A bill, House Bill 613, now being negotiated in the Legislature, would allow youth to stay in a shelter for up to 90 days without an adult’s consent. It would also make permanent a pilot program called Safe Spaces to create a network of places — from public buses to convenience stores — where youth in trouble could connect with outreach workers to get what they need, including shelter.
But that shelter is hard to come by.
According to the U.S. Department of Housing and Urban Development, there were nine emergency shelter beds reserved for homeless minors under 18 in all of Hawaiʻi last year, a number that includes slots for children homeless with their families, the majority.

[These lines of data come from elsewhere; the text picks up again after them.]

lemma concat_params_growth:
  assumes "1 - p \<le> \<delta>" "p \<le> 1" "x^2 \<le> \<delta> / 2" "\<delta> * 2^K \<le> 1/4" "k \<le> K"
  shows "x^2 * (2 * (1 - 2 * \<delta> * 2^K))^k \<le> snd ((concat_params ^^ k) (p, x))^2"
  using assms(5)
proof (induction k)
  case 0
  then show ?case
    by simp
next
  case (Suc k)
  obtain p' x' where k: "(concat_params ^^ k) (p, x) = (p', x')"
    by fastforce
  obtain p'' x'' where Suc_k: "concat_params (p', x') = (p'', x'')"
    by fastforce
  have "0 \<le> \<delta>"
    using assms(3) zero_le_power2 [of x] by linarith
  then have "\<delta> * 2^k \<le> \<delta> * 2^K"
    using Suc.prems by (intro mult_left_mono power_increasing) simp_all
  then have "1 - p' \<le> \<delta> * 2^K" "p' \<le> 1"
    using concat_params_defect_bound [OF assms(1-3), of k] assms(4) k by simp_all
  then have p'_half: "1/2 \<le> p'" and rate: "1 - 2 * \<delta> * 2^K \<le> 2*p' - 1"
    using assms(4) by simp_all
  have "x^2 * (2 * (1 - 2 * \<delta> * 2^K))^k * (2 * (1 - 2 * \<delta> * 2^K)) \<le> x'^2 * (2 * (2*p' - 1))"
    using Suc k assms(4) rate by (intro mult_mono) simp_all
  also have "\<dots> \<le> x''^2"
    using concat_params_bounds(4) [OF Suc_k p'_half \<open>p' \<le> 1\<close>] by (simp add: mult.commute)
  finally show ?case
    using k Suc_k by (simp add: ac_simps)
qed

lemma concat_params_amplification:
  assumes "1 - p \<le> \<delta>" "p \<le> 1" "x^2 \<le> \<delta> / 2" "\<delta> * 2^N \<le> 1/4"
  shows "x^2 * 2^N * (1 - real N * (2 * \<delta> * 2^N)) \<le> snd ((concat_params ^^ N) (p, x))^2"
proof -
  define e where "e = 2 * \<delta> * 2^N"
  have "0 \<le> \<delta>"
    using assms(3) zero_le_power2 [of x] by linarith
  then have "0 \<le> e" "e \<le> 1"
    using assms(4) unfolding e_def by simp_all
  then have "1 - real N * e \<le> (1 - e)^N"
    using Bernoulli_inequality [of "- e" N] by simp
  then have "x^2 * 2^N * (1 - real N * e) \<le> x^2 * 2^N * (1 - e)^N"
    by (intro mult_left_mono) simp_all
  also have "\<dots> = x^2 * (2 * (1 - e))^N"
    unfolding power_mult_distrib by (simp only: mult.assoc)
  also have "\<dots> \<le> snd ((concat_params ^^ N) (p, x))^2"
    using concat_params_growth [OF assms order.refl] unfolding e_def by (simp add: mult.assoc)
  finally show ?thesis
    unfolding e_def .
qed

lemma M1_concat_sigma_real_qop_lower_bound:
  assumes "0 \<le> x" "1 - p \<le> \<delta>" "p \<le> 1" "x^2 \<le> \<delta> / 2" "\<delta> * 2^N \<le> 1/4" "N \<le> m"
  shows "x^2 * 2^N * (1 - real N * (2 * \<delta> * 2^N)) \<le> M1 (concat_sigma (real_qop p x) m)^2"
proof -
  have "x^2 * 2^N * (1 - real N * (2 * \<delta> * 2^N)) \<le> snd ((concat_params ^^ N) (p, x))^2"
    using assms(2-5) by (rule concat_params_amplification)
  also have "\<dots> \<le> snd ((concat_params ^^ m) (p, x))^2"
    using concat_params_snd_incseq [OF assms(1)] concat_params_snd_nonneg [OF assms(1)] assms(6)
    by (intro power_mono) (simp_all add: incseq_def)
  also have "\<dots> = M1 (concat_sigma (real_qop p x) m)^2"
    unfolding concat_sigma_real_qop by (simp add: M1_real_qop split: prod.split)
  finally show ?thesis .
qed

lemma concat_sigma_amplifies_coherence:
  fixes N :: nat and a :: real
  assumes "0 \<le> a" "a < 1"
  obtains \<rho> where "is_qubit_state \<rho>" "0 < M1 \<rho>" "M1 \<rho> < 1 / 2^N"
    "\<And>m. N \<le> m \<Longrightarrow> a * 2^N * M1 \<rho>^2 < M1 (concat_sigma \<rho> m)^2"
proof -
  define P :: real where "P = 2^N"
  define \<eta> where "\<eta> = (1 - a) / (4 * (real N + 1))"
  define \<delta> where "\<delta> = \<eta> / P^2"
  define x where "x = sqrt (\<delta> / 2)"
  have P: "1 \<le> P"
    unfolding P_def by simp
  have "2 * real N * \<eta> = (1 - a) * (real N / (2 * (real N + 1)))"
    unfolding \<eta>_def by (simp add: field_simps)
  also have "\<dots> < (1 - a) * 1"
    using assms by (intro mult_strict_left_mono) simp_all
  finally have \<eta>: "0 < \<eta>" "\<eta> \<le> 1/4" "2 * real N * \<eta> < 1 - a"
    using assms unfolding \<eta>_def by (simp_all add: field_simps)
  have "0 < \<delta>" and \<delta>_P_sq: "\<delta> * P^2 = \<eta>"
    using \<eta> P unfolding \<delta>_def by simp_all
  moreover have "\<delta> \<le> \<delta> * P" "\<delta> * P \<le> \<delta> * P^2"
    using \<open>0 < \<delta>\<close> P by (simp_all add: power2_eq_square)
  moreover have "real N * (2 * \<delta> * P) \<le> real N * (2 * \<eta>)"
    using \<open>\<delta> * P \<le> \<delta> * P^2\<close> \<delta>_P_sq by (intro mult_left_mono) simp_all
  ultimately have \<delta>: "0 < \<delta>" "\<delta> \<le> 1/4" "\<delta> * P \<le> 1/4" "\<delta> * P^2 < 2"
    "real N * (2 * \<delta> * P) < 1 - a"
    using \<eta> by linarith+
  have x: "0 < x" "x^2 = \<delta> / 2"
    unfolding x_def using \<delta> by simp_all
  have "1/2 * \<delta> \<le> (1 - \<delta>) * \<delta>"
    using \<delta> by (intro mult_right_mono) simp_all
  then have "x^2 \<le> (1 - \<delta>) * \<delta>"
    using x by simp
  with \<delta> have "is_qubit_state (real_qop (1 - \<delta>) x)"
    by (intro is_qubit_state_real_qop) simp_all
  moreover have "x < 1 / P"
  proof (rule power_less_imp_less_base)
    have "x^2 * P^2 = \<delta> * P^2 / 2"
      using x by simp
    with \<delta> have "x^2 * P^2 < 1"
      by linarith
    with P show "x^2 < (1 / P)^2"
      by (simp add: field_simps)
  qed (use P in simp)
  moreover have "a * 2^N * x^2 < M1 (concat_sigma (real_qop (1 - \<delta>) x) m)^2" if "N \<le> m" for m
  proof -
    have "a * 2^N * x^2 < x^2 * 2^N * (1 - real N * (2 * \<delta> * 2^N))"
      using x \<delta> unfolding P_def by (simp add: mult.commute mult.left_commute)
    also have "\<dots> \<le> M1 (concat_sigma (real_qop (1 - \<delta>) x) m)^2"
      using x \<delta> that unfolding P_def by (intro M1_concat_sigma_real_qop_lower_bound) simp_all
    finally show ?thesis .
  qed
  ultimately show thesis
    using that [of "real_qop (1 - \<delta>) x"] x unfolding P_def by (simp add: M1_real_qop)
qed

theorem mainTheorem4:
  fixes N :: nat and \<epsilon> :: real
  assumes "\<epsilon> > 0"
  shows "\<exists>\<rho>. is_qubit_state \<rho> \<and> M1 \<rho> < 1 / real (2 ^ N) \<and>
           (\<forall>m. m \<ge> log 2 (real (2 ^ N)) \<longrightarrow>
              M1 (concat_sigma \<rho> m) / M1 \<rho> > 2 powr (- \<epsilon>) * sqrt (real (2 ^ N)))"
proof -
  define r where "r = 2 powr (- \<epsilon>) * sqrt (2 ^ N)"
  have a: "0 \<le> 2 powr (-2 * \<epsilon>)" "2 powr (-2 * \<epsilon>) < (1::real)"
    using assms by (simp_all add: powr_less_one)
  obtain \<rho> where \<rho>: "is_qubit_state \<rho>" "0 < M1 \<rho>" "M1 \<rho> < 1 / 2^N"
    and amplified: "\<And>m. N \<le> m \<Longrightarrow> 2 powr (-2 * \<epsilon>) * 2^N * M1 \<rho>^2 < M1 (concat_sigma \<rho> m)^2"
    using concat_sigma_amplifies_coherence [where N = N, OF a] by blast
  have "r * M1 \<rho> < M1 (concat_sigma \<rho> m)" if "N \<le> m" for m
  proof (rule power_less_imp_less_base)
    have "(2 powr (- \<epsilon>))^2 = 2 powr (-2 * \<epsilon>)"
      by (simp add: power2_eq_square flip: powr_add)
    then show "(r * M1 \<rho>)^2 < M1 (concat_sigma \<rho> m)^2"
      using amplified [OF that] unfolding r_def by (simp add: power_mult_distrib)
  qed (simp add: M1_def)
  then show ?thesis
    using \<rho> by (intro exI [of _ \<rho>]) (simp add: r_def pos_less_divide_eq)
qed

end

In addition, in September 2023, a month after the Maui wildfires, the Hale Pono shelter opened in Wailuku offering 13 emergency beds for youth ages 12 to 19.
Aside from those, for the 339 under age 24 considered homeless and alone in the last point-in-time count in 2024, there were just 80 emergency beds statewide — most quickly snapped up by the older among them who don’t need anyone’s consent to use them.
So the teenagers stay deep, hidden in the company of danger and deprivation.
For three teens who lived on Hawaiʻi’s streets, the experience is recent enough to nip at their heels. And each of them recall a distinct turning point when the cycle of their homelessness began to break.
For Honesty Ayala it was that outreach van.
For Aden Campbell-McAngus, it was a Department of Education counselor.
For Kahekile Alip, it was the prospect of returning to the streets after a short-lived housing situation fell apart.
All three actually express gratitude for what they have gone through, and hope that sharing their journey might help another young person find their way to safety.
Here are their stories.
Honesty Ayala

The outreach van was hard to miss – painted with an Oʻahu landscape of mountains, ocean and hibiscus in bright shades of greens, blues and red.
Honesty Ayala stayed away when it pulled up at Ulehawa Beach Park in Waiʻanae, where she lived in a tent with her boyfriend in 2023.
“I got scared,” Ayala said, “I thought they were going to turn me in.”
The van offered services and supplies to homeless youth. But it took several visits before Ayala was willing to approach, reassured by her boyfriend, who knew one of the van’s staffers. She was given a grab bag of toiletries and some food — a military meal ration.
She also took away a small measure of trust in the outreach crew. They were young and many had been homeless themselves.
That was saying a lot for a 17-year-old teenager who had been on and off the streets for nearly three years at that point and barely trusted anyone.
Running And Running
Ayala’s time on the streets had begun after a long string of almost entirely unhappy foster care stints on the Big Island. She’d run away from some. She was removed from others after clashing with her foster families.
At 15, she had ended up on Oʻahu’s North Shore at Pearl Haven, a group home for girls, waiting to be placed with yet another family.
“There was so much drama there,” Ayala said of Pearl Haven.

Other residents fought and she got caught up in that. Many were cutting themselves, which she fell into, too.
Once, she and two other residents were caught trying to escape, which led to a confrontation during which vases were thrown and a car windshield broken. Ayala was hit with a property damage charge that would later play an indirect role in her exit from the streets.
Her main goal at the group home was escape.
She wanted to be back with her family —she’d been taken from them at age nine due to what she termed a “very dysfunctional family life” — but Child Welfare Services wouldn’t allow it.
So she ran from Pearl Haven. And ran. And ran. Occasionally, she’d get picked up and returned. Before long, she would run away again.
She spent a month on the beach in Mokulēʻia, months at the homeless encampment in Waiʻanae. For seven months she lived on a beach in Nānākuli, entangled in an abusive relationship.

She dodged case workers and police officers. It was, she said, “always running away.”
She turned to methamphetamine “to numb all of the stuff that I went through, to be able to forget all of my past hurts and my trauma.”
The drug helped her survive on the streets, she said.
“Being a young female, there’s people that take advantage of you. Your stuff gets stolen. You have to always be awake,” she said. “The substances help you be awake at night so you can keep track of your stuff.”
A Place To Feel Safe
The outreach van crew didn’t turn her in, as Ayala had feared.
Instead, they listened. They didn’t judge her. If she wanted to, they said, she could ride with them to shower and eat at the Kailua youth drop in center operated by RYSE, one of three nonprofits that led the outreach effort.
She took them up on her offer and found at RYSE a place where she could hang out, let her guard down, chat with counselors, feel safe.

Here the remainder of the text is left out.